Comment by godelski

Comment by godelski a day ago

9 replies

Calling it addition is hairy here. Do you just mean an operator? If so, I'm with you. But normally people are expecting addition to have the full abelian group properties, which this certainly doesn't. It's not a ring because it doesn't have the multiplication structure. But it also isn't even a monoid[0] since, as we just discussed, it doesn't have associativity nor unitality.

There is far less structure here than you are assuming, and that's the underlying problem. There is local structure and so the addition operation will work as expected when operating on close neighbors, but this does greatly limit the utility.

And if you aren't aware of the terms I'm using here I think you should be extra careful. It highlights that you are making assumptions that you weren't aware were even assumptions (an unknown unknown just became a known unknown). I understand that this is an easy mistake to make since most people are not familiar with these concepts (including many in the ML world), but this is also why you need to be careful. Because even those that do are probably not going to drop these terms when discussing with anyone except other experts as there's no expectation that others will understand them.
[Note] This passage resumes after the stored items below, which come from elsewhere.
lemma sfl_pk_ge_resample_prob:
  assumes "0 < \<delta>" "A \<in> sets (gap_space m)"
    and "k \<le> m" "gap_invariant m \<delta> R (m - k) y" "0 \<le> t"
  shows "ennreal (jump_weight R \<delta> k t) * resample_prob \<delta> m (m - k) y A \<le> sfl_pk \<theta> m k t y A"
  using assms(3-)
proof (induction k arbitrary: y t)
  \<comment> \<open>With k jumps left, the followers behind gaps m - k, ..., m - 1 still jump, in this order.\<close>
  case 0
  then have "exp (- R * t) \<le> exp (- total_rate m y * t)"
    by (simp add: gap_invariant_def mult_right_mono)
  with 0 show ?case
    by (simp add: gap_invariant_def jump_weight_def resample_prob_eq_indicator mult_right_mono)
next
  case (Suc k)
  define i where "i = m - Suc k"
  have i: "i < m" "Suc i = m - k"
    using Suc.prems(1) by (auto simp: i_def)
  have "\<delta> \<le> y i" "total_rate m y \<le> R"
    using Suc.prems(2) i by (auto simp: i_def gap_invariant_def)
  have next_jumps: "ennreal (jump_weight R \<delta> k (t - s)) * resample_prob \<delta> m (Suc i) (fol_jump m i u y) A
      \<le> sfl_pk \<theta> m k (t - s) (fol_jump m i u y) A"
    if "s \<in> {0..t}" "0 < u" "u < 1" for s u
    using Suc.IH[of "fol_jump m i u y" "t - s"] gap_invariant_fol_jump[of m \<delta> R i y u] Suc.prems that i
    by (simp add: i_def)
  show ?case
    unfolding i_def[symmetric]
  proof (rule sfl_pk_Suc_ge)
    fix s assume "s \<in> {0..t}"
    then show "ennreal (\<delta> * jump_weight R \<delta> k (t - s)) * resample_prob \<delta> m i y A
      \<le> rate_op \<theta> m (\<lambda>z. sfl_pk \<theta> m k (t - s) z A) y"
      using assms(1,2) i(1) \<open>\<delta> \<le> y i\<close> next_jumps jump_weight_nonneg[of \<delta> "t - s" R k]
      by (intro rate_op_ge_resample_prob) auto
  qed (use \<open>total_rate m y \<le> R\<close> Suc.prems assms in auto)
qed

lemma sfl_kernel_ge_uniform_box:
  assumes "0 < \<delta>" "A \<in> sets (gap_space m)" "y \<in> pos_orthant m" "\<forall>j<m. \<delta> \<le> y j"
    "total_rate m y \<le> R" "0 \<le> t"
  shows "ennreal (jump_weight R \<delta> m t) * emeasure (PiM {..<m} (\<lambda>_. uniform_measure lborel {0<..<\<delta>})) A
    \<le> sfl_kernel \<theta> (Suc m) t y A"
proof -
  have "gap_invariant m \<delta> R 0 y"
    using assms(3-5) by (auto simp: gap_invariant_def pos_orthant_def less_imp_le)
  then have "ennreal (jump_weight R \<delta> m t) * resample_prob \<delta> m 0 y A \<le> sfl_pk \<theta> m m t y A"
    using sfl_pk_ge_resample_prob[OF assms(1,2) order_refl, of R y t \<theta>] assms(6) by simp
  also have "\<dots> \<le> (\<Sum>k. sfl_pk \<theta> m k t y A)"
    using sum_le_suminf[OF summableI, of "{m}" "\<lambda>k. sfl_pk \<theta> m k t y A"] by simp
  finally show ?thesis
    using assms(2) by (simp add: resample_prob_0 sfl_kernel_def)
qed

lemma emeasure_uniform_box_pos_orthant:
  assumes "0 < \<delta>"
  shows "emeasure (PiM {..<m} (\<lambda>_. uniform_measure lborel {0<..<\<delta>})) (pos_orthant m) = 1"
proof -
  have "pos_orthant m = PiE {..<m} (\<lambda>_. {0<..})"
    by (auto simp: pos_orthant_def gap_space_def space_PiM PiE_def)
  moreover have "emeasure (uniform_measure lborel {0<..<\<delta>}) {0<..} = 1"
    using assms by (simp add: emeasure_uniform_measure Int_absorb2 ennreal_divide_self subset_eq)
  ultimately show ?thesis
    by (simp add: product_sigma_finite.emeasure_PiM[OF product_sigma_finite_uniform_interval[OF assms]])
qed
[0] https://ncatlab.org/nlab/show/monoid

yellowcake0 a day ago

I think you misinterpreted the tone of my original comment as some sort of gotcha. Presumably you're overloading the addition symbol with some other operational meaning in the context of vector embeddings. I'm just calling it addition because you're using a plus sign and I don't know what else to call it, I wasn't referring to addition as it's commonly understood which is clearly associative.
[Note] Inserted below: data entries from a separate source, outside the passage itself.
(* Let $A$ be a finitely generated associative $\mathbb{C}$-algebra which is NC-nilpotent, let $\pi:A\to A/M_2(A)$ be the quotient map, let $\bar S\subset A/M_2(A)$ be a finitely generated multiplicative set without zero divisors, and let $S=\pi^{-1}(\bar S)$. Then (1) $S$ satisfies the Ore condition; (2) the Ore localization $A[S^{-1}]$ is finitely generated; (3) $A[S^{-1}]$ is NC-nilpotent.
   Context: $L_1=A$, $L_k=[A,L_{k-1}]$, $M_k=AL_kA$. An algebra is NC-nilpotent if its NC-filtration $F_k=\sum_{m\ge1}\sum_{i_1+\cdots+i_m=k+m}M_{i_1}\cdots M_{i_m}$ satisfies $F_N=0$ for some $N$; for finitely generated algebras this is equivalent to $M_N=0$ for some $N$. *)

theory Defs
  imports "HOL-Algebra.Algebra"
begin

definition C_ring :: "complex ring" where
  "C_ring = \<lparr>carrier = UNIV, monoid.mult = (*), monoid.one = 1, ring.zero = 0, ring.add = (+)\<rparr>"

definition cx_algebra :: "(complex, 'a) module \<Rightarrow> bool" where
  "cx_algebra A \<longleftrightarrow> ring A \<and> module C_ring A \<and>
     (\<forall>c x y. x \<in> carrier A \<longrightarrow> y \<in> carrier A \<longrightarrow>
        (smult A c x) \<otimes>\<^bsub>A\<^esub> y = smult A c (x \<otimes>\<^bsub>A\<^esub> y) \<and>
        x \<otimes>\<^bsub>A\<^esub> (smult A c y) = smult A c (x \<otimes>\<^bsub>A\<^esub> y))"

definition cspan :: "(complex, 'a) module \<Rightarrow> 'a set \<Rightarrow> 'a set" where
  "cspan A Y = {z. \<forall>V. (Y \<subseteq> V \<and> V \<subseteq> carrier A \<and> \<zero>\<^bsub>A\<^esub> \<in> V \<and>
      (\<forall>x\<in>V. \<forall>y\<in>V. x \<oplus>\<^bsub>A\<^esub> y \<in> V) \<and> (\<forall>c x. x \<in> V \<longrightarrow> smult A c x \<in> V))
      \<longrightarrow> z \<in> V}"

definition lprod :: "('a, 'b) monoid_scheme \<Rightarrow> 'a list \<Rightarrow> 'a" where
  "lprod R xs = foldr (monoid.mult R) xs (monoid.one R)"

definition comm :: "(complex, 'a) module \<Rightarrow> 'a \<Rightarrow> 'a \<Rightarrow> 'a" where
  "comm A x y = x \<otimes>\<^bsub>A\<^esub> y \<ominus>\<^bsub>A\<^esub> y \<otimes>\<^bsub>A\<^esub> x"

text \<open>The value at 0 is an irrelevant dummy.\<close>
fun Lc :: "(complex, 'a) module \<Rightarrow> nat \<Rightarrow> 'a set" where
  "Lc A 0 = carrier A"
| "Lc A (Suc 0) = carrier A"
| "Lc A (Suc (Suc k)) =
     cspan A {comm A a l | a l. a \<in> carrier A \<and> l \<in> Lc A (Suc k)}"

definition Mc :: "(complex, 'a) module \<Rightarrow> nat \<Rightarrow> 'a set" where
  "Mc A k = cspan A {a \<otimes>\<^bsub>A\<^esub> l \<otimes>\<^bsub>A\<^esub> b | a l b.
                        a \<in> carrier A \<and> l \<in> Lc A k \<and> b \<in> carrier A}"

definition NCF :: "(complex, 'a) module \<Rightarrow> nat \<Rightarrow> 'a set" where
  "NCF A k = cspan A {lprod A xs | xs. xs \<noteq> [] \<and>
      (\<exists>is. length is = length xs \<and> sum_list is = k + length xs \<and>
         (\<forall>j < length xs. 1 \<le> is ! j \<and> xs ! j \<in> Mc A (is ! j)))}"

definition nc_nilpotent :: "(complex, 'a) module \<Rightarrow> bool" where
  "nc_nilpotent A \<longleftrightarrow> (\<exists>N. NCF A N = {\<zero>\<^bsub>A\<^esub>})"

definition fg_algebra :: "(complex, 'a) module \<Rightarrow> bool" where
  "fg_algebra A \<longleftrightarrow> (\<exists>G. finite G \<and> G \<subseteq> carrier A \<and>
      carrier A = cspan A {lprod A xs | xs. set xs \<subseteq> G})"

definition fg_mult_set :: "('a, 'b) ring_scheme \<Rightarrow> 'a set \<Rightarrow> bool" where
  "fg_mult_set R T \<longleftrightarrow> (\<exists>G. finite G \<and> G \<subseteq> carrier R \<and>
      T = {lprod R xs | xs. set xs \<subseteq> G})"

definition no_zero_divisors_in :: "('a, 'b) ring_scheme \<Rightarrow> 'a set \<Rightarrow> bool" where
  "no_zero_divisors_in R T \<longleftrightarrow> (\<forall>s\<in>T. \<forall>x\<in>carrier R.
      (s \<otimes>\<^bsub>R\<^esub> x = \<zero>\<^bsub>R\<^esub> \<or> x \<otimes>\<^bsub>R\<^esub> s = \<zero>\<^bsub>R\<^esub>) \<longrightarrow> x = \<zero>\<^bsub>R\<^esub>)"

definition right_ore :: "(complex, 'a) module \<Rightarrow> 'a set \<Rightarrow> bool" where
  "right_ore A S \<longleftrightarrow> (\<forall>a\<in>carrier A. \<forall>s\<in>S. \<exists>t\<in>S. \<exists>b\<in>carrier A.
      a \<otimes>\<^bsub>A\<^esub> t = s \<otimes>\<^bsub>A\<^esub> b)"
  • danielmarkbruce a day ago

    You guys are debating this as though embedding models and/or layers work the same way. They don't.

    Vector addition is absolutely associative. The question is more "does it magically line up with what sounds correct in a semantic sense?".
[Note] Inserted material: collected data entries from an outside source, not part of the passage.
(* Let $l:\mathbb{R}\times\mathbb{R}\to\mathbb{R}$ be doubly convex (jointly convex), let $Z=(z_1,\dots,z_n)$ be any sample and $f:\mathbb{X}\to\mathbb{R}$ any model. Then for all integers $1\le k\le k'\le n$, the empirical $k$-risks satisfy $r_k(f,Z)\ge r_{k'}(f,Z)$. In particular this holds for the Kullback–Leibler loss $\mathrm{kl}(\hat y,y)=y\log\frac{y}{\hat y}+(1-y)\log\frac{1-y}{1-\hat y}$ on $(0,1)\times[0,1]$ (with $0\log 0=0$) when $f$ takes values in $(0,1)$ and labels lie in $[0,1]$.
   Context: For a finite family $S$ and function $g$, $\hat{E}_S[g(z)]=\frac{1}{|S|}\sum_{z\in S}g(z)$. For a model $f$, loss $l(\hat y,y)$ and sample $Z=(z_1,\dots,z_n)$ with $z_i=(x_i,y_i)$, the empirical $k$-risk is $r_k(f,Z)=\binom{n}{k}^{-1}\sum_{I}l(\hat{E}_{S_I}[f(x)],\hat{E}_{S_I}[y])$, summing over all $k$-element index sets $I\subset\{1,\dots,n\}$ with $S_I=(z_i)_{i\in I}$. Doubly convex means jointly convex in both arguments. *)

theory Defs
  imports "HOL-Analysis.Analysis"
begin

definition emp_mean :: "nat set \<Rightarrow> (nat \<Rightarrow> real) \<Rightarrow> real" where
  "emp_mean S g = (\<Sum>i\<in>S. g i) / real (card S)"

definition k_risk :: "(real \<Rightarrow> real \<Rightarrow> real) \<Rightarrow> ('x \<Rightarrow> real) \<Rightarrow> nat \<Rightarrow> (nat \<Rightarrow> 'x \<times> real) \<Rightarrow> nat \<Rightarrow> real" where
  "k_risk l f n Z k =
     (\<Sum>I\<in>{I. I \<subseteq> {..<n} \<and> card I = k}.
        l (emp_mean I (\<lambda>i. f (fst (Z i)))) (emp_mean I (\<lambda>i. snd (Z i)))) / real (n choose k)"

definition kl :: "real \<Rightarrow> real \<Rightarrow> real" where
  "kl yh y = (if y = 0 then 0 else y * ln (y / yh))
           + (if y = 1 then 0 else (1 - y) * ln ((1 - y) / (1 - yh)))"

end

theory Submission
  imports Defs
begin

text \<open>Every (k+1)-subset J of the sample is the average of its k leave-one-out subsets, both in
  the mean of the predictions and in the mean of the labels, so by Jensen's inequality the loss on J
  is at most the average loss on those k-subsets. Averaging over all J and counting, each k-subset
  arises from exactly n - k of the J's, turns this into r_{k+1} \<le> r_k. Joint convexity of the
  Kullback-Leibler loss on (0,1) \<times> [0,1] follows from that of a log(a/b), the perspective of
  x log x, which lies above each of its tangent planes a log c + a - b c.\<close>

definition k_subsets :: "nat \<Rightarrow> nat \<Rightarrow> nat set set" where
  "k_subsets n k = {I. I \<subseteq> {..<n} \<and> card I = k}"

definition subset_average :: "nat \<Rightarrow> nat \<Rightarrow> (nat set \<Rightarrow> real) \<Rightarrow> real" where
  "subset_average n k g = (\<Sum>I\<in>k_subsets n k. g I) / real (n choose k)"

lemma finite_k_subsets: "finite (k_subsets n k)"
  unfolding k_subsets_def by (rule finite_subset[of _ "Pow {..<n}"]) auto

lemma k_risk_eq_subset_average:
  "k_risk l f n Z k =
     subset_average n k (\<lambda>I. l (emp_mean I (\<lambda>i. f (fst (Z i)))) (emp_mean I (\<lambda>i. snd (Z i))))"
  by (simp add: k_risk_def subset_average_def k_subsets_def)

lemma sum_k_subsets_remove_one:
  "(\<Sum>J\<in>k_subsets n (Suc k). \<Sum>j\<in>J. h (J - {j})) = real (n - k) * (\<Sum>I\<in>k_subsets n k. h I)"
proof -
  have "(\<Sum>J\<in>k_subsets n (Suc k). \<Sum>j\<in>J. h (J - {j}))
      = (\<Sum>(J, j)\<in>Sigma (k_subsets n (Suc k)) (\<lambda>J. J). h (J - {j}))"
    using finite_k_subsets by (subst sum.Sigma) (auto simp: k_subsets_def dest: finite_subset)
  also have "\<dots> = (\<Sum>(I, j)\<in>Sigma (k_subsets n k) (\<lambda>I. {..<n} - I). h I)"
    by (rule sum.reindex_bij_witness[where i = "\<lambda>(I, j). (insert j I, j)"
          and j = "\<lambda>(J, j). (J - {j}, j)"])
       (auto simp: k_subsets_def card_Diff_singleton insert_absorb card_insert_disjoint
             dest: finite_subset)
  also have "\<dots> = (\<Sum>I\<in>k_subsets n k. real (n - k) * h I)"
    using finite_k_subsets
    by (subst sum.Sigma[symmetric])
       (auto simp: k_subsets_def card_Diff_subset finite_subset intro!: sum.cong)
  finally show ?thesis by (simp add: sum_distrib_left)
qed

lemma Suc_times_binomial_Suc: "Suc k * (n choose Suc k) = (n - k) * (n choose k)"
  by (metis binomial_absorption binomial_absorb_comp)

lemma subset_average_Suc_le:
  assumes "Suc k \<le> n"
    and jensen: "\<And>J. J \<in> k_subsets n (Suc k) \<Longrightarrow> g J \<le> (\<Sum>j\<in>J. g (J - {j})) / real (Suc k)"
  shows "subset_average n (Suc k) g \<le> subset_average n k g"
proof -
  define S0 where "S0 = (\<Sum>I\<in>k_subsets n k. g I)"
  define S1 where "S1 = (\<Sum>J\<in>k_subsets n (Suc k). g J)"
  have "S1 \<le> (\<Sum>J\<in>k_subsets n (Suc k). (\<Sum>j\<in>J. g (J - {j})) / real (Suc k))"
    unfolding S1_def by (rule sum_mono) (rule jensen)
  also have "\<dots> = real (n - k) * S0 / real (Suc k)"
    by (simp add: S0_def sum_divide_distrib[symmetric] sum_k_subsets_remove_one)
  finally have S1_le: "real (Suc k) * S1 \<le> real (n - k) * S0"
    by (simp add: field_simps)
  have binom: "real (Suc k) * real (n choose Suc k) = real (n - k) * real (n choose k)"
    using Suc_times_binomial_Suc[of k n] by (metis of_nat_mult)
  have pos: "0 < real (n choose k)" "0 < real (n choose Suc k)" "0 < real (n - k)"
    using assms(1) by auto
  have "S1 * real (n choose k) * real (n - k) = S1 * (real (Suc k) * real (n choose Suc k))"
    unfolding binom by (simp only: ac_simps)
  also have "\<dots> = real (Suc k) * S1 * real (n choose Suc k)"
    by (simp only: ac_simps)
  also have "\<dots> \<le> real (n - k) * S0 * real (n choose Suc k)"
    using S1_le pos by (intro mult_right_mono) auto
  also have "\<dots> = S0 * real (n choose Suc k) * real (n - k)"
    by (simp only: ac_simps)
  finally have "S1 * real (n choose k) \<le> S0 * real (n choose Suc k)"
    using pos(3) by (simp only: mult_le_cancel_right_pos)
  then show ?thesis
    using pos by (simp add: subset_average_def S0_def[symmetric] S1_def[symmetric] divide_simps)
qed

lemma subset_average_antimono:
  assumes "k \<le> k'" "k' \<le> n"
    and jensen: "\<And>m J. k \<le> m \<Longrightarrow> Suc m \<le> n \<Longrightarrow> J \<in> k_subsets n (Suc m) \<Longrightarrow>
                  g J \<le> (\<Sum>j\<in>J. g (J - {j})) / real (Suc m)"
  shows "subset_average n k' g \<le> subset_average n k g"
  using assms(1,2)
proof (induction k' rule: dec_induct)
  case base
  show ?case by simp
next
  case (step m)
  have "subset_average n (Suc m) g \<le> subset_average n m g"
    using step.hyps step.prems by (intro subset_average_Suc_le jensen) auto
  with step show ?case by simp
qed

lemma emp_mean_in_convex:
  assumes "finite I" "I \<noteq> {}" "convex S" "\<And>i. i \<in> I \<Longrightarrow> g i \<in> S"
  shows "emp_mean I g \<in> S"
proof -
  have "(\<Sum>i\<in>I. (1 / real (card I)) *\<^sub>R g i) \<in> S"
    using assms by (intro convex_sum) auto
  then show ?thesis by (simp add: emp_mean_def sum_divide_distrib)
qed

lemma emp_mean_remove_one:
  assumes "finite J" "card J = Suc k" "1 \<le> k"
  shows "emp_mean J g = (\<Sum>j\<in>J. emp_mean (J - {j}) g) / real (Suc k)"
proof -
  have "(\<Sum>j\<in>J. emp_mean (J - {j}) g) = (\<Sum>j\<in>J. (sum g J - g j) / real k)"
    using assms by (intro sum.cong) (simp_all add: emp_mean_def sum_diff1 card_Diff_singleton)
  also have "\<dots> = (real (card J) * sum g J - sum g J) / real k"
    by (simp add: sum_divide_distrib[symmetric] sum_subtractf)
  also have "\<dots> = sum g J"
    using assms by (simp add: field_simps)
  finally show ?thesis
    using assms by (simp add: emp_mean_def)
qed

lemma convex_on_emp_mean_remove_one:
  fixes l :: "real \<times> real \<Rightarrow> real"
  assumes cvx: "convex_on C l"
    and means: "\<And>I. I \<subseteq> J \<Longrightarrow> I \<noteq> {} \<Longrightarrow> (emp_mean I F, emp_mean I Y) \<in> C"
    and J: "finite J" "card J = Suc k" and "1 \<le> k"
  shows "l (emp_mean J F, emp_mean J Y)
           \<le> (\<Sum>j\<in>J. l (emp_mean (J - {j}) F, emp_mean (J - {j}) Y)) / real (Suc k)"
proof -
  have "(emp_mean J F, emp_mean J Y)
      = (\<Sum>j\<in>J. (1 / real (Suc k)) *\<^sub>R (emp_mean (J - {j}) F, emp_mean (J - {j}) Y))"
    using emp_mean_remove_one[OF J \<open>1 \<le> k\<close>]
    by (simp add: prod_eq_iff fst_sum snd_sum sum_divide_distrib)
  also have "l \<dots> \<le> (\<Sum>j\<in>J. (1 / real (Suc k)) * l (emp_mean (J - {j}) F, emp_mean (J - {j}) Y))"
  proof (rule convex_on_sum[OF \<open>finite J\<close> _ cvx])
    show "J \<noteq> {}" "(\<Sum>j\<in>J. 1 / real (Suc k)) = 1"
      using J by auto
    fix j assume "j \<in> J"
    then have "J - {j} \<noteq> {}"
      using J \<open>1 \<le> k\<close> by (metis card_Diff_singleton card.empty diff_Suc_1 not_one_le_zero)
    then show "(emp_mean (J - {j}) F, emp_mean (J - {j}) Y) \<in> C"
      by (intro means) auto
  qed simp
  finally show ?thesis
    by (simp add: sum_divide_distrib)
qed

lemma subset_average_convex_loss_antimono:
  fixes l :: "real \<times> real \<Rightarrow> real"
  assumes cvx: "convex_on C l"
    and means: "\<And>I. I \<subseteq> {..<n} \<Longrightarrow> I \<noteq> {} \<Longrightarrow> (emp_mean I F, emp_mean I Y) \<in> C"
    and "1 \<le> k" "k \<le> k'" "k' \<le> n"
  shows "subset_average n k' (\<lambda>I. l (emp_mean I F, emp_mean I Y))
           \<le> subset_average n k (\<lambda>I. l (emp_mean I F, emp_mean I Y))"
proof (rule subset_average_antimono)
  fix m J assume "k \<le> m" "J \<in> k_subsets n (Suc m)"
  then show "l (emp_mean J F, emp_mean J Y)
               \<le> (\<Sum>j\<in>J. l (emp_mean (J - {j}) F, emp_mean (J - {j}) Y)) / real (Suc m)"
    using assms(3) by (intro convex_on_emp_mean_remove_one[OF cvx means])
                      (auto simp: k_subsets_def dest: finite_subset)
qed (use assms in auto)

definition rel_entr :: "real \<Rightarrow> real \<Rightarrow> real" where
  "rel_entr a b = (if a = 0 then 0 else a * ln (a / b))"

lemma kl_eq_rel_entr: "kl yh y = rel_entr y yh + rel_entr (1 - y) (1 - yh)"
  by (simp add: kl_def rel_entr_def)

lemma rel_entr_ge_tangent:
  assumes "0 \<le> a" "0 < b" "0 < c"
  shows "a * ln c + a - b * c \<le> rel_entr a b"
proof (cases "a = 0")
  case False
  with assms have a: "0 < a" by simp
  have "ln (b * c / a) \<le> b * c / a - 1"
    using a assms by (intro ln_le_minus_one) simp
  moreover have "ln (a / b) = ln c - ln (b * c / a)"
    using a assms by (simp add: ln_div ln_mult)
  ultimately have "a * (ln c + 1 - b * c / a) \<le> a * ln (a / b)"
    using a by (intro mult_left_mono) auto
  then show ?thesis
    using a False by (simp add: rel_entr_def algebra_simps)
qed (use assms in \<open>simp add: rel_entr_def\<close>)

text \<open>Take the tangent planes at both points with the common slope c = A / B of the combination
  (A, B): their convex combination is affine in (a, b) and touches rel_entr at (A, B).\<close>

lemma rel_entr_convex_combination:
  assumes t: "0 < t" "t < 1" and ab: "0 \<le> a1" "0 \<le> a2" "0 < b1" "0 < b2"
  shows "rel_entr ((1 - t) * a1 + t * a2) ((1 - t) * b1 + t * b2)
           \<le> (1 - t) * rel_entr a1 b1 + t * rel_entr a2 b2"
proof -
  define A where "A = (1 - t) * a1 + t * a2"
  define B where "B = (1 - t) * b1 + t * b2"
  have "0 \<le> A" "0 < B"
    using t ab by (simp_all add: A_def B_def add_pos_pos)
  have "rel_entr A B \<le> (1 - t) * rel_entr a1 b1 + t * rel_entr a2 b2"
  proof (cases "A = 0")
    case True
    then have "a1 = 0" "a2 = 0"
      using t ab unfolding A_def by (smt (verit) mult_pos_pos mult_nonneg_nonneg)+
    then show ?thesis
      using True by (simp add: rel_entr_def)
  next
    case False
    define c where "c = A / B"
    have "0 < c"
      using False \<open>0 \<le> A\<close> \<open>0 < B\<close> by (simp add: c_def)
    have "rel_entr A B = A * ln c + A - B * c"
      using False \<open>0 < B\<close> by (simp add: rel_entr_def c_def)
    also have "\<dots> = (1 - t) * (a1 * ln c + a1 - b1 * c) + t * (a2 * ln c + a2 - b2 * c)"
      by (simp add: A_def B_def algebra_simps)
    also have "\<dots> \<le> (1 - t) * rel_entr a1 b1 + t * rel_entr a2 b2"
      using t ab \<open>0 < c\<close> by (intro add_mono mult_left_mono rel_entr_ge_tangent) auto
    finally show ?thesis .
  qed
  then show ?thesis
    by (simp add: A_def B_def)
qed

lemma convex_on_rel_entr: "convex_on ({0..} \<times> {0<..}) (\<lambda>p. rel_entr (fst p) (snd p))"
proof (rule convex_onI)
  show "convex ({0..} \<times> {0<..} :: (real \<times> real) set)"
    by (intro convex_Times) auto
  fix t :: real and x y :: "real \<times> real"
  assume "0 < t" "t < 1" "x \<in> {0..} \<times> {0<..}" "y \<in> {0..} \<times> {0<..}"
  then show "rel_entr (fst ((1 - t) *\<^sub>R x + t *\<^sub>R y)) (snd ((1 - t) *\<^sub>R x + t *\<^sub>R y))
               \<le> (1 - t) * rel_entr (fst x) (snd x) + t * rel_entr (fst y) (snd y)"
    by (cases x, cases y) (simp add: rel_entr_convex_combination)
qed

lemma convex_on_compose_affine:
  assumes "convex_on T f" "convex S" "A ` S \<subseteq> T"
    and affine: "\<And>t x y. A ((1 - t) *\<^sub>R x + t *\<^sub>R y) = (1 - t) *\<^sub>R A x + t *\<^sub>R A y"
  shows "convex_on S (\<lambda>x. f (A x))"
  using assms by (intro convex_onI) (auto simp: affine intro!: convex_onD)

lemma convex_on_kl: "convex_on ({0<..<1} \<times> {0..1}) (\<lambda>p. kl (fst p) (snd p))"
proof -
  have cvx: "convex ({0<..<1::real} \<times> {0..1::real})"
    by (intro convex_Times) auto
  have "convex_on ({0<..<1} \<times> {0..1}) (\<lambda>p. rel_entr (fst (snd p, fst p)) (snd (snd p, fst p)))"
    using cvx by (intro convex_on_compose_affine[OF convex_on_rel_entr]) auto
  moreover have "convex_on ({0<..<1} \<times> {0..1})
      (\<lambda>p. rel_entr (fst (1 - snd p, 1 - fst p)) (snd (1 - snd p, 1 - fst p)))"
    using cvx by (intro convex_on_compose_affine[OF convex_on_rel_entr])
                 (auto simp: algebra_simps)
  ultimately show ?thesis
    by (simp add: kl_eq_rel_entr convex_on_add)
qed

theorem mainTheorem6:
  fixes f :: "'x \<Rightarrow> real" and Z :: "nat \<Rightarrow> 'x \<times> real" and n k k' :: nat
  assumes "1 \<le> k" and "k \<le> k'" and "k' \<le> n"
  shows "(\<forall>l :: real \<Rightarrow> real \<Rightarrow> real. convex_on UNIV (\<lambda>p. l (fst p) (snd p)) \<longrightarrow>
            k_risk l f n Z k' \<le> k_risk l f n Z k)
       \<and> ((\<forall>x. 0 < f x \<and> f x < 1) \<and> (\<forall>i<n. 0 \<le> snd (Z i) \<and> snd (Z i) \<le> 1) \<longrightarrow>
            k_risk kl f n Z k' \<le> k_risk kl f n Z k)"
proof (intro conjI allI impI)
  fix l :: "real \<Rightarrow> real \<Rightarrow> real"
  assume "convex_on UNIV (\<lambda>p. l (fst p) (snd p))"
  from subset_average_convex_loss_antimono[OF this _ assms]
  show "k_risk l f n Z k' \<le> k_risk l f n Z k"
    by (simp add: k_risk_eq_subset_average)
next
  assume range: "(\<forall>x. 0 < f x \<and> f x < 1) \<and> (\<forall>i<n. 0 \<le> snd (Z i) \<and> snd (Z i) \<le> 1)"
  have "(emp_mean I (\<lambda>i. f (fst (Z i))), emp_mean I (\<lambda>i. snd (Z i))) \<in> {0<..<1} \<times> {0..1}"
    if "I \<subseteq> {..<n}" "I \<noteq> {}" for I
    using that range finite_subset[OF that(1)]
    unfolding mem_Times_iff fst_conv snd_conv by (intro conjI emp_mean_in_convex) auto
  from subset_average_convex_loss_antimono[OF convex_on_kl this assms]
  show "k_risk kl f n Z k' \<le> k_risk kl f n Z k"
    by (simp add: k_risk_eq_subset_average)
qed

end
    • yellowcake0 a day ago

      I'm just trying to get an idea of what the operation is such that man - man + man = woman, but it's like pulling teeth.

      • danielmarkbruce 18 hours ago

        It's just plain old addition. There is nothing fancy about the operation. The fancy part is training a model such that it would produce vector representations of words which had this property of conceptually making sense.

        If someone says: "conceptually, what is king - man + woman". One might reasonably say "queen". This isn't some well defined math thing, just sort of a common sense thing.

        Now, imagine you have a function (lets call it an "embedding model") which turns words into vectors. The function turns king into [3,2], man into [1,1], woman into [1.5, 1.5] and queen into [3.5, 2.5].

        Now for king - man + woman you get [3,2] - [1,1] + [1.5,1.5] = [3.5, 2.5] and hey presto, that's the same as queen [3.5, 2.5].

        Now you have to ask - how do you get a function to produce those numbers? If you look at the word2vec paper, you'll come to see they use a couple of methods to train a model and if you think about those methods and the data, you'll realize it's not entirely surprising (in retrospect) that you could end up with a function that produced vectors which had such properties. And, if at the same time you are sort of mind blown, welcome to the club. It blew Jeff Dean's big brain too.